Billions and Billions

One of the things that makes organic chemistry such a fascinating and useful subject (not to mention profitable) is the way mind-boggling levels of diversity arise from the application of very simple rules.

In 1924, the American chemist Eugene Markush was awarded a new kind of patent (US 1,506,316). Rather than claiming manufacturing processes listing specific input materials, Markush claimed processes listing families of compounds as inputs - and pretty large families at that. For example:

The process for the manufacture of dyes which comprises coupling with a halogen-substituted pyrazolone, a diazotized unsulfphonated material selected from the group consisting of aniline, homologues of aniline and halogen substituted products of aniline.

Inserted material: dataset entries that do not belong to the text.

(* Let $0\le\alpha\le\beta\le\pi/2$ and $P_1,P_2>0$, and define $\mathcal R(\theta)$ as in the context. If $|\alpha-\beta|\le\pi/4$, then $\bigcup_{\theta\in[\alpha,\beta]}\mathcal R(\theta)$ is convex; i.e. the first outer bound of the achievable rate region of a two-hop MAC with two relay nodes is convex.
   Context: Let $\mathcal C(x)=\frac12\log_2(1+x)$, $\phi_1(\theta)=P_1\cos^2(\theta-\alpha)$, $\phi_2(\theta)=P_2\cos^2(\theta-\beta)$, $\phi=\phi_1+\phi_2$, and $\mathcal R(\theta)=\{(R_1,R_2)\ge0:R_1\le\mathcal C(\phi_1(\theta)),R_2\le\mathcal C(\phi_2(\theta)),R_1+R_2\le\mathcal C(\phi(\theta))\}$. In a two-user two-hop MAC with two relays, with $\alpha,\beta,\theta$ the polar angles of the normalized source-to-relay channel vectors and of the amplification vector $\mathbf B\mathbf h_1$, and $P_i=\|\mathbf h_{0i}\|^2P_{S_i}$, the first outer bound (destination noise omitted) is the union of the sets $\mathcal R(\theta)$, $\theta\in[\alpha,\beta]$. *)

theory Defs
  imports "HOL-Analysis.Analysis"
begin

definition capC :: "real \<Rightarrow> real" where
  "capC x = (1/2) * log 2 (1 + x)"

definition phi1 :: "real \<Rightarrow> real \<Rightarrow> real \<Rightarrow> real" where
  "phi1 P1 \<alpha> \<theta> = P1 * (cos (\<theta> - \<alpha>))\<^sup>2"

definition phi2 :: "real \<Rightarrow> real \<Rightarrow> real \<Rightarrow> real" where
  "phi2 P2 \<beta> \<theta> = P2 * (cos (\<theta> - \<beta>))\<^sup>2"

definition rate_region :: "real \<Rightarrow> real \<Rightarrow> real \<Rightarrow> real \<Rightarrow> real \<Rightarrow> (real \<times> real) set" where
  "rate_region P1 P2 \<alpha> \<beta> \<theta> =
     {(R1, R2). 0 \<le> R1 \<and> 0 \<le> R2 \<and>
        R1 \<le> capC (phi1 P1 \<alpha> \<theta>) \<and>
        R2 \<le> capC (phi2 P2 \<beta> \<theta>) \<and>
        R1 + R2 \<le> capC (phi1 P1 \<alpha> \<theta> + phi2 P2 \<beta> \<theta>)}"

end

theory Submission
  imports Defs
begin

text \<open>
  The union is the set of nonnegative pairs lying below the three constraints
  for some admissible \<open>\<theta>\<close>. A convex combination of two such pairs, taken for
  angles \<open>a\<close> and \<open>b\<close>, is admissible for the same combination of \<open>a\<close> and \<open>b\<close>
  provided the three bounds \<open>\<theta> \<mapsto> C(\<phi>\<^sub>1(\<theta>))\<close>, \<open>C(\<phi>\<^sub>2(\<theta>))\<close>, \<open>C(\<phi>(\<theta>))\<close> are concave
  on \<open>[\<alpha>, \<beta>]\<close>. They are: \<open>C\<close> is concave and nondecreasing on \<open>[0, \<infinity>)\<close>, and
  \<open>cos\<^sup>2(\<theta> - c) = (1 + cos (2(\<theta> - c)))/2\<close> is concave for \<open>|\<theta> - c| \<le> \<pi>/4\<close>, which
  covers \<open>c = \<alpha>\<close> and \<open>c = \<beta>\<close> because \<open>\<beta> - \<alpha> \<le> \<pi>/4\<close>.
\<close>

lemma concave_on_subset: "\<lbrakk>concave_on T f; S \<subseteq> T; convex S\<rbrakk> \<Longrightarrow> concave_on S f"
  unfolding concave_on_def by (rule convex_on_subset)

lemma concave_on_compose_mono:
  fixes f :: "'a::real_vector \<Rightarrow> real" and g :: "real \<Rightarrow> real"
  assumes f: "concave_on S f" and g: "concave_on T g" and "mono_on T g"
    and "convex T" and "f ` S \<subseteq> T"
  shows "concave_on S (\<lambda>x. g (f x))"
  unfolding concave_on_iff
proof (intro conjI ballI allI impI)
  show "convex S" using f by (rule concave_on_imp_convex)
  fix x y and u v :: real
  assume xy: "x \<in> S" "y \<in> S" and uv: "0 \<le> u" "0 \<le> v" "u + v = 1"
  then have "u *\<^sub>R x + v *\<^sub>R y \<in> S"
    using \<open>convex S\<close> by (simp add: convex_def)
  have fxy: "f x \<in> T" "f y \<in> T" "f (u *\<^sub>R x + v *\<^sub>R y) \<in> T"
    using xy \<open>u *\<^sub>R x + v *\<^sub>R y \<in> S\<close> assms(5) by auto
  have "u * f x + v * f y \<in> T"
    using fxy \<open>convex T\<close> uv by (simp add: convex_def)
  have "u * g (f x) + v * g (f y) \<le> g (u * f x + v * f y)"
    using g fxy uv by (auto simp: concave_on_iff)
  also have "\<dots> \<le> g (f (u *\<^sub>R x + v *\<^sub>R y))"
    using f xy uv fxy \<open>u * f x + v * f y \<in> T\<close>
    by (intro mono_onD[OF \<open>mono_on T g\<close>]) (auto simp: concave_on_iff)
  finally show "u * g (f x) + v * g (f y) \<le> g (f (u *\<^sub>R x + v *\<^sub>R y))" .
qed

lemma concave_on_cos_power2:
  fixes c :: real
  shows "concave_on {c - pi/4 .. c + pi/4} (\<lambda>x. (cos (x - c))\<^sup>2)"
proof (rule f''_le0_imp_concave[where f' = "\<lambda>x. - sin (2 * (x - c))"
      and f'' = "\<lambda>x. - 2 * cos (2 * (x - c))"])
  fix x
  have "((\<lambda>x. (cos (x - c))\<^sup>2) has_real_derivative 2 * cos (x - c) * (- sin (x - c) * 1)) (at x)"
    by (rule derivative_eq_intros | simp)+
  moreover have "2 * cos (x - c) * (- sin (x - c) * 1) = - sin (2 * (x - c))"
    using sin_double[of "x - c"] by (simp add: algebra_simps)
  ultimately show "((\<lambda>x. (cos (x - c))\<^sup>2) has_real_derivative - sin (2 * (x - c))) (at x)"
    by simp
  show "((\<lambda>x. - sin (2 * (x - c))) has_real_derivative - 2 * cos (2 * (x - c))) (at x)"
    by (rule derivative_eq_intros | simp)+
  assume "x \<in> {c - pi/4 .. c + pi/4}"
  then have "0 \<le> cos (2 * (x - c))" by (intro cos_ge_zero) auto
  then show "- 2 * cos (2 * (x - c)) \<le> 0" by simp
qed simp

lemma mono_on_capC: "mono_on {0..} capC"
  by (rule mono_onI) (simp add: capC_def)

lemma concave_on_capC: "concave_on {0..} capC"
proof -
  have "concave_on {0..} (\<lambda>x. log 2 (1 + x))"
  proof (rule concave_on_compose_mono[OF _ log_concave])
    show "concave_on {0..} ((+) (1::real))"
      by (simp add: concave_on_iff algebra_simps flip: distrib_right)
    show "mono_on {0<..} (log 2)"
      by (rule mono_onI) simp
  qed auto
  then show ?thesis
    unfolding capC_def by (rule concave_on_cmul[rotated]) simp
qed

lemma convex_Union_pentagons:
  fixes f1 f2 f3 :: "real \<Rightarrow> real"
  assumes "concave_on S f1" "concave_on S f2" "concave_on S f3"
  shows "convex (\<Union>\<theta>\<in>S. {(R1, R2). 0 \<le> R1 \<and> 0 \<le> R2 \<and>
            R1 \<le> f1 \<theta> \<and> R2 \<le> f2 \<theta> \<and> R1 + R2 \<le> f3 \<theta>})"
    (is "convex (\<Union>\<theta>\<in>S. ?R \<theta>)")
  unfolding convex_alt
proof (intro ballI allI impI)
  fix p q and u :: real
  assume "p \<in> (\<Union>\<theta>\<in>S. ?R \<theta>)" "q \<in> (\<Union>\<theta>\<in>S. ?R \<theta>)" and u: "0 \<le> u \<and> u \<le> 1"
  then obtain a b x1 x2 y1 y2 where ab: "a \<in> S" "b \<in> S"
    and pq: "p = (x1, x2)" "q = (y1, y2)"
    and x: "0 \<le> x1" "0 \<le> x2" "x1 \<le> f1 a" "x2 \<le> f2 a" "x1 + x2 \<le> f3 a"
    and y: "0 \<le> y1" "0 \<le> y2" "y1 \<le> f1 b" "y2 \<le> f2 b" "y1 + y2 \<le> f3 b"
    by auto
  define \<theta> where "\<theta> = (1 - u) * a + u * b"
  have "\<theta> \<in> S"
    using ab u concave_on_imp_convex[OF assms(1)] by (simp add: \<theta>_def convex_alt)
  have mix: "(1 - u) * s + u * t \<le> f \<theta>"
    if "concave_on S f" "s \<le> f a" "t \<le> f b" for f s t
  proof -
    have "(1 - u) * s + u * t \<le> (1 - u) * f a + u * f b"
      using that u by (intro add_mono mult_left_mono) auto
    also have "\<dots> \<le> f \<theta>"
      using concave_onD[OF that(1), of u a b] u ab by (simp add: \<theta>_def)
    finally show ?thesis .
  qed
  have "(1 - u) * x1 + u * y1 + ((1 - u) * x2 + u * y2) \<le> f3 \<theta>"
    using mix[OF assms(3) x(5) y(5)] by (simp add: distrib_left)
  moreover have "0 \<le> (1 - u) * x1 + u * y1" "0 \<le> (1 - u) * x2 + u * y2"
    using x y u by (intro add_nonneg_nonneg mult_nonneg_nonneg; simp)+
  ultimately have "(1 - u) *\<^sub>R p + u *\<^sub>R q \<in> ?R \<theta>"
    using mix[OF assms(1) x(3) y(3)] mix[OF assms(2) x(4) y(4)] by (simp add: pq)
  with \<open>\<theta> \<in> S\<close> show "(1 - u) *\<^sub>R p + u *\<^sub>R q \<in> (\<Union>\<theta>\<in>S. ?R \<theta>)"
    by (rule UN_I)
qed

lemma concave_on_capC_compose:
  assumes "concave_on S f" "\<And>x. 0 \<le> f x"
  shows "concave_on S (\<lambda>x. capC (f x))"
  using assms by (intro concave_on_compose_mono[OF _ concave_on_capC mono_on_capC]) auto

theorem lemma4:
  fixes P1 P2 \<alpha> \<beta> :: real
  assumes "0 \<le> \<alpha>" "\<alpha> \<le> \<beta>" "\<beta> \<le> pi / 2"
    and "P1 > 0" "P2 > 0"
    and "\<bar>\<alpha> - \<beta>\<bar> \<le> pi / 4"
  shows "convex (\<Union>\<theta>\<in>{\<alpha>..\<beta>}. rate_region P1 P2 \<alpha> \<beta> \<theta>)"
proof -
  have "concave_on {\<alpha>..\<beta>} (\<lambda>\<theta>. (cos (\<theta> - c))\<^sup>2)" if "c \<in> {\<alpha>, \<beta>}" for c
    using that assms(2,6)
    by (intro concave_on_subset[OF concave_on_cos_power2[of c]]) auto
  then have \<phi>1: "concave_on {\<alpha>..\<beta>} (phi1 P1 \<alpha>)"
    and \<phi>2: "concave_on {\<alpha>..\<beta>} (phi2 P2 \<beta>)"
    using assms(4,5) unfolding phi1_def phi2_def
    by (auto intro!: concave_on_cmul)
  have nonneg: "\<And>\<theta>. 0 \<le> phi1 P1 \<alpha> \<theta>" "\<And>\<theta>. 0 \<le> phi2 P2 \<beta> \<theta>"
    using assms(4,5) by (simp_all add: phi1_def phi2_def)
  have "concave_on {\<alpha>..\<beta>} (\<lambda>\<theta>. capC (phi1 P1 \<alpha> \<theta>))"
    by (rule concave_on_capC_compose[OF \<phi>1 nonneg(1)])
  moreover have "concave_on {\<alpha>..\<beta>} (\<lambda>\<theta>. capC (phi2 P2 \<beta> \<theta>))"
    by (rule concave_on_capC_compose[OF \<phi>2 nonneg(2)])
  moreover have "concave_on {\<alpha>..\<beta>} (\<lambda>\<theta>. capC (phi1 P1 \<alpha> \<theta> + phi2 P2 \<beta> \<theta>))"
    by (rule concave_on_capC_compose[OF concave_on_add[OF \<phi>1 \<phi>2] add_nonneg_nonneg[OF nonneg]])
  ultimately show ?thesis
    unfolding rate_region_def by (rule convex_Union_pentagons)
qed

end
lemma sgn_face_Int: "sgn_face V X \<inter> sgn_face V Z = sgn_face (V - flip X Z) X"
  unfolding sgn_face_def flip_def by auto

lemma card_sgn_face [simp]: "card (sgn_face V X) = card V"
  unfolding sgn_face_def by (rule card_image) (auto simp: inj_on_def)

lemma finite_sgn_face [simp]: "finite (sgn_face V X) \<longleftrightarrow> finite V"
  unfolding sgn_face_def by (auto simp: finite_image_iff inj_on_def)

lemma supp_sgn_face [simp]: "supp (sgn_face V X) = V"
  unfolding supp_def sgn_face_def by (auto simp: image_image)

lemma sgn_face_in_polar_full: "sgn_face V X \<in> polar_full V"
  unfolding sgn_face_def polar_full_def by auto

lemma polar_over_subset_polar_full: "polar_over V S \<subseteq> polar_full V"
  unfolding polar_over_def polar_full_def sgn_face_def by auto

text \<open>A face \<open>G\<close> of \<open>\<Gamma>(2\<^sup>V)\<close> lies in \<open>\<Sigma>(flip W X0)\<close> for \<open>W\<close> the coordinates where \<open>G\<close>
  disagrees with \<open>X0\<close>.\<close>

lemma polar_over_eq_polar_full:
  assumes "\<And>W. W \<subseteq> V \<Longrightarrow> flip W X0 \<in> S"
  shows "polar_over V S = polar_full V"
proof (rule subset_antisym[OF polar_over_subset_polar_full subsetI])
  fix G assume G: "G \<in> polar_full V"
  define W where "W = {i\<in>V. (i, i \<notin> X0) \<in> G}"
  have "G \<subseteq> sgn_face V (flip W X0)"
  proof
    fix p assume p: "p \<in> G"
    obtain i b where ib: "p = (i, b)" by (cases p)
    have "i \<in> V" "\<not> ((i, True) \<in> G \<and> (i, False) \<in> G)"
      using G p ib unfolding polar_full_def by auto
    then have "b = (i \<in> flip W X0)"
      using p ib unfolding W_def flip_def by (cases b; cases "i \<in> X0") auto
    then show "p \<in> sgn_face V (flip W X0)"
      using ib \<open>i \<in> V\<close> unfolding sgn_face_def by auto
  qed
  moreover have "flip W X0 \<in> S" by (rule assms) (auto simp: W_def)
  ultimately show "G \<in> polar_over V S" unfolding polar_over_def by blast
qed
(* Let $D$ be a normalized 2-page book drawing of $K_n$ and $1\le i<j\le n$. Let $k$ be the number of entries of $M(D)$ to the right of $(i,j)$ having the same color as $(i,j)$ plus the number of entries above $(i,j)$ having the same color as $(i,j)$. Then exactly $k$ of the vertices other than $i,j$ lie on one side of the edge $ij$ (i.e., $ij$ is a $k$-edge, where possibly $k>\lfloor n/2\rfloor-1$).
   Context: Normalized 2-page book drawing of $K_n$: vertices $(1,0),\dots,(n,0)$ labelled $1,\dots,n$ left to right; edges $i(i+1)$ on the $x$-axis (spine); edge $1n$ in the upper half-plane; every other edge $ij$ a semicircle over $[i,j]$ in the upper or lower half-plane. Edges on the spine or in the upper half-plane are blue, in the lower half-plane red. $M(D)$ has entries $(i,j)$, $1\le i<j\le n$ (row $i$, column $j$), colored as edge $ij$; entries $(i',j)$ with $i'<i$ are above $(i,j)$, entries $(i,j')$ with $j'>j$ are to its right. For distinct vertices $p,q,r$, $r$ is on the left (right) of $\overrightarrow{pq}$ if the triangle with edges $pq,qr,rp$ traced in order $p,q,r$ is counterclockwise (clockwise); $pq$ is a $k$-edge if exactly $k$ of the other vertices lie on one side. *)

theory Defs
  imports "HOL-Complex_Analysis.Winding_Numbers"
begin

text \<open>A normalized 2-page book drawing of K_n is encoded by n and a function
  up :: nat => nat => bool; for i < j with j > i+1, up i j says that the
  semicircle over [i,j] lies in the upper half-plane (else the lower one). Vertex v is the point (v,0),
  i.e. the complex number of_nat v.\<close>

definition normalized_book_drawing :: "nat \<Rightarrow> (nat \<Rightarrow> nat \<Rightarrow> bool) \<Rightarrow> bool" where
  "normalized_book_drawing n up \<longleftrightarrow> (n \<ge> 3 \<longrightarrow> up 1 n)"

definition semicircle :: "bool \<Rightarrow> nat \<Rightarrow> nat \<Rightarrow> real \<Rightarrow> complex" where
  "semicircle upper i j t =
     (of_nat i + of_nat j) / 2 - ((of_nat j - of_nat i) / 2) *
       exp (if upper then - (\<i> * of_real (pi * t)) else \<i> * of_real (pi * t))"

definition edge_arc :: "(nat \<Rightarrow> nat \<Rightarrow> bool) \<Rightarrow> nat \<Rightarrow> nat \<Rightarrow> real \<Rightarrow> complex" where
  "edge_arc up i j =
     (if j = Suc i then linepath (of_nat i) (of_nat j) else semicircle (up i j) i j)"

definition blue :: "(nat \<Rightarrow> nat \<Rightarrow> bool) \<Rightarrow> nat \<Rightarrow> nat \<Rightarrow> bool" where
  "blue up i j \<longleftrightarrow> j = Suc i \<or> up i j"

definition edge_path :: "(nat \<Rightarrow> nat \<Rightarrow> bool) \<Rightarrow> nat \<Rightarrow> nat \<Rightarrow> real \<Rightarrow> complex" where
  "edge_path up p q = (if p < q then edge_arc up p q else reversepath (edge_arc up q p))"

definition triangle_path :: "(nat \<Rightarrow> nat \<Rightarrow> bool) \<Rightarrow> nat \<Rightarrow> nat \<Rightarrow> nat \<Rightarrow> real \<Rightarrow> complex" where
  "triangle_path up p q r = edge_path up p q +++ edge_path up q r +++ edge_path up r p"

definition counterclockwise :: "(real \<Rightarrow> complex) \<Rightarrow> bool" where
  "counterclockwise \<gamma> \<longleftrightarrow> (\<exists>z. z \<notin> path_image \<gamma> \<and> winding_number \<gamma> z = 1)"

definition clockwise :: "(real \<Rightarrow> complex) \<Rightarrow> bool" where
  "clockwise \<gamma> \<longleftrightarrow> (\<exists>z. z \<notin> path_image \<gamma> \<and> winding_number \<gamma> z = -1)"

definition left_of :: "(nat \<Rightarrow> nat \<Rightarrow> bool) \<Rightarrow> nat \<Rightarrow> nat \<Rightarrow> nat \<Rightarrow> bool" where
  "left_of up p q r \<longleftrightarrow> counterclockwise (triangle_path up p q r)"

definition right_of :: "(nat \<Rightarrow> nat \<Rightarrow> bool) \<Rightarrow> nat \<Rightarrow> nat \<Rightarrow> nat \<Rightarrow> bool" where
  "right_of up p q r \<longleftrightarrow> clockwise (triangle_path up p q r)"

definition is_k_edge :: "nat \<Rightarrow> (nat \<Rightarrow> nat \<Rightarrow> bool) \<Rightarrow> nat \<Rightarrow> nat \<Rightarrow> nat \<Rightarrow> bool" where
  "is_k_edge n up p q k \<longleftrightarrow>
     card {r \<in> {1..n} - {p, q}. left_of up p q r} = k \<or>
     card {r \<in> {1..n} - {p, q}. right_of up p q r} = k"

end

theory Submission
  imports Defs
begin

text \<open>For a point z off the real axis, the winding number of an upper (lower) semicircle over
  [a,b] differs from that of the chord [a,b] by -1 (+1) exactly when z lies in the upper (lower)
  half of the disc with diameter [a,b]. The chords of a triangle on the real axis wind zero times
  around z, so the winding number of the triangle ijr around z is a signed count of the half-discs
  containing z. As these discs are nested or disjoint according to the positions of i, j, r on the
  axis, the triangle is counterclockwise (clockwise) precisely when r lies to the right of j with
  ir of the colour of ij, or to the left of i with rj of that colour.\<close>

subsection \<open>Discs with a diameter on the real axis\<close>

text \<open>The power of z with respect to the circle with diameter [a,b]: negative inside it.\<close>
definition circle_power :: "nat \<Rightarrow> nat \<Rightarrow> complex \<Rightarrow> real" where
  "circle_power a b z = (Re z - real a) * (Re z - real b) + (Im z)\<^sup>2"

lemma circle_power_commute: "circle_power a b z = circle_power b a z"
  by (simp add: circle_power_def algebra_simps)

lemma circle_power_eq_norm:
  "circle_power a b z = (cmod (z - (of_nat a + of_nat b) / 2))\<^sup>2 - ((real b - real a) / 2)\<^sup>2"
  unfolding circle_power_def cmod_power2 by (simp add: power2_eq_square field_simps)

lemma circle_power_neg_imp_between:
  assumes "a \<le> b" "circle_power a b z < 0"
  shows "real a < Re z" "Re z < real b"
proof -
  have "(Re z - real a) * (Re z - real b) < 0"
    using assms(2) unfolding circle_power_def by (smt (verit) zero_le_power2)
  then show "real a < Re z" "Re z < real b" using assms(1) by (auto simp: mult_less_0_iff)
qed

lemma circle_power_neg_extend_right:
  assumes "a < b" "b < c" "circle_power a b z < 0"
  shows "circle_power a c z < 0"
proof -
  have "real a < Re z" "Re z < real b"
    using circle_power_neg_imp_between[OF less_imp_le[OF assms(1)] assms(3)] by auto
  then have "(Re z - real a) * (Re z - real c) < (Re z - real a) * (Re z - real b)"
    using assms by (intro mult_strict_left_mono) auto
  then show ?thesis using assms(3) unfolding circle_power_def by linarith
qed

lemma circle_power_neg_extend_left:
  assumes "a < b" "b < c" "circle_power b c z < 0"
  shows "circle_power a c z < 0"
proof -
  have "real b < Re z" "Re z < real c"
    using circle_power_neg_imp_between[OF less_imp_le[OF assms(2)] assms(3)] by auto
  then have "(Re z - real a) * (Re z - real c) < (Re z - real b) * (Re z - real c)"
    using assms by (intro mult_strict_right_mono_neg) auto
  then show ?thesis using assms(3) unfolding circle_power_def by linarith
qed

lemma circle_power_neg_adjacent_disjoint:
  assumes "a < b" "b < c" "circle_power a b z < 0" "circle_power b c z < 0"
  shows False
  using circle_power_neg_imp_between[of a b z] circle_power_neg_imp_between[of b c z] assms by auto

lemma circle_power_above_inner_point:
  assumes "a < m" "m < b" "y\<^sup>2 < 1"
  shows "circle_power a b (Complex (real m) y) < 0"
    and "circle_power a m (Complex (real m) y) = y\<^sup>2" "circle_power m b (Complex (real m) y) = y\<^sup>2"
proof -
  have "(real m - real a) * (real b - real m) \<ge> 1 * 1"
    using assms by (intro mult_mono) auto
  then show "circle_power a b (Complex (real m) y) < 0"
    using assms(3) by (auto simp: circle_power_def algebra_simps)
qed (simp_all add: circle_power_def)

lemma finite_vertical_circle_hits: "finite {t::real. circle_power a b (z + of_real t * \<i>) = 0}"
proof -
  define C where "C = - ((Re z - real a) * (Re z - real b))"
  have "{t::real. circle_power a b (z + of_real t * \<i>) = 0} \<subseteq> {- Im z + sqrt C, - Im z - sqrt C}"
  proof
    fix t assume "t \<in> {t::real. circle_power a b (z + of_real t * \<i>) = 0}"
    then have "(Im z + t)\<^sup>2 = C" by (simp add: circle_power_def C_def algebra_simps)
    then have "sqrt C = \<bar>Im z + t\<bar>" using real_sqrt_abs by metis
    then show "t \<in> {- Im z + sqrt C, - Im z - sqrt C}" by (auto simp: abs_if split: if_splits)
  qed
  then show ?thesis by (rule finite_subset) simp
qed

definition half_disc :: "bool \<Rightarrow> nat \<Rightarrow> nat \<Rightarrow> complex set" where
  "half_disc upper a b = {w. circle_power a b w \<le> 0 \<and> (if upper then 0 \<le> Im w else Im w \<le> 0)}"

lemma convex_half_disc:
  assumes "a \<le> b"
  shows "convex (half_disc upper a b)"
proof -
  define c :: complex where "c = (of_nat a + of_nat b) / 2"
  define R where "R = (real b - real a) / 2"
  have "R \<ge> 0" using assms by (simp add: R_def)
  have "circle_power a b w \<le> 0 \<longleftrightarrow> w \<in> cball c R" for w
  proof -
    have "w \<in> cball c R \<longleftrightarrow> cmod (w - c) \<le> R" by (simp add: dist_norm norm_minus_commute)
    also have "\<dots> \<longleftrightarrow> (cmod (w - c))\<^sup>2 \<le> R\<^sup>2"
      using \<open>R \<ge> 0\<close> by (simp add: power2_le_iff_abs_le)
    also have "\<dots> \<longleftrightarrow> circle_power a b w \<le> 0"
      unfolding c_def R_def circle_power_eq_norm by simp
    finally show ?thesis by simp
  qed
  then have "half_disc upper a b = cball c R \<inter> {w. if upper then 0 \<le> Im w else Im w \<le> 0}"
    unfolding half_disc_def by blast
  then show ?thesis
    by (cases upper) (simp_all add: convex_Int convex_halfspace_Im_ge convex_halfspace_Im_le)
qed

lemma real_segment_Im_zero: "w \<in> closed_segment (of_nat a :: complex) (of_nat b) \<Longrightarrow> Im w = 0"
  by (auto simp: closed_segment_def)

lemma real_segment_subset_half_disc:
  assumes "a \<le> b"
  shows "closed_segment (of_nat a) (of_nat b) \<subseteq> half_disc upper a b"
  by (rule closed_segment_subset[OF _ _ convex_half_disc[OF assms]])
    (auto simp: half_disc_def circle_power_def)

subsection \<open>Semicircles\<close>

lemma path_semicircle: "path (semicircle u a b)"
  unfolding path_def semicircle_def by (cases u) (auto intro!: continuous_intros)

lemma pathstart_semicircle [simp]: "pathstart (semicircle u a b) = of_nat a"
  by (simp add: pathstart_def semicircle_def field_simps)

lemma pathfinish_semicircle [simp]: "pathfinish (semicircle u a b) = of_nat b"
  by (auto simp add: pathfinish_def semicircle_def field_simps exp_pi_i' exp_minus)

lemma circle_power_semicircle: "circle_power a b (semicircle u a b t) = 0"
proof -
  have "complex_of_nat b - complex_of_nat a = of_real (real b - real a)" by simp
  then have "cmod (semicircle u a b t - (of_nat a + of_nat b) / 2) = \<bar>real b - real a\<bar> / 2"
    by (simp add: semicircle_def norm_mult norm_divide del: of_real_diff)
  then have "(cmod (semicircle u a b t - (of_nat a + of_nat b) / 2))\<^sup>2 = (\<bar>real b - real a\<bar> / 2)\<^sup>2"
    by simp
  then show ?thesis by (simp add: circle_power_eq_norm power_divide)
qed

The phrase "selected from the group" has since become the signature of a special kind of patent claim called a Markush claim. The approach significantly influenced the way chemical intellectual property was created and protected.

A Markush structure is a special kind of chemical structure in which variables are used in place of specific substituents. It turns out that even the most basic Markush structures can specify very large numbers of specific chemical structures. For example, consider a Markush structure specifying all halogenated naphthalenes:


where X = H, F, Cl, Br, I

To a first approximation, we can calculate the number of compounds specified by this structure with the formula:

5×5×5×5×5×5×5×5 = 58 = 390,625

To get the real number of halogenated naphthalenes, which would be less than 390,625, we'd need to account for symmetry of the enumerated structures.

Applying a Markush perspective to cheminformatics leads to some interesting product ideas. For example, a few years ago Coalesix released a computational tool called Mobius (screenshots) designed specifically to work with very large families of compounds encoded as Markush structures. And for years, patent databases such as MARPAT have been capable of searching the Markush claims of patents.

Given the centrality of Markush structures to the theory, practice, and law of modern industrial chemistry, it may be worthwhile to consider ways of incorporating the Markush perspective in to existing, or new, cheminformatics products and services.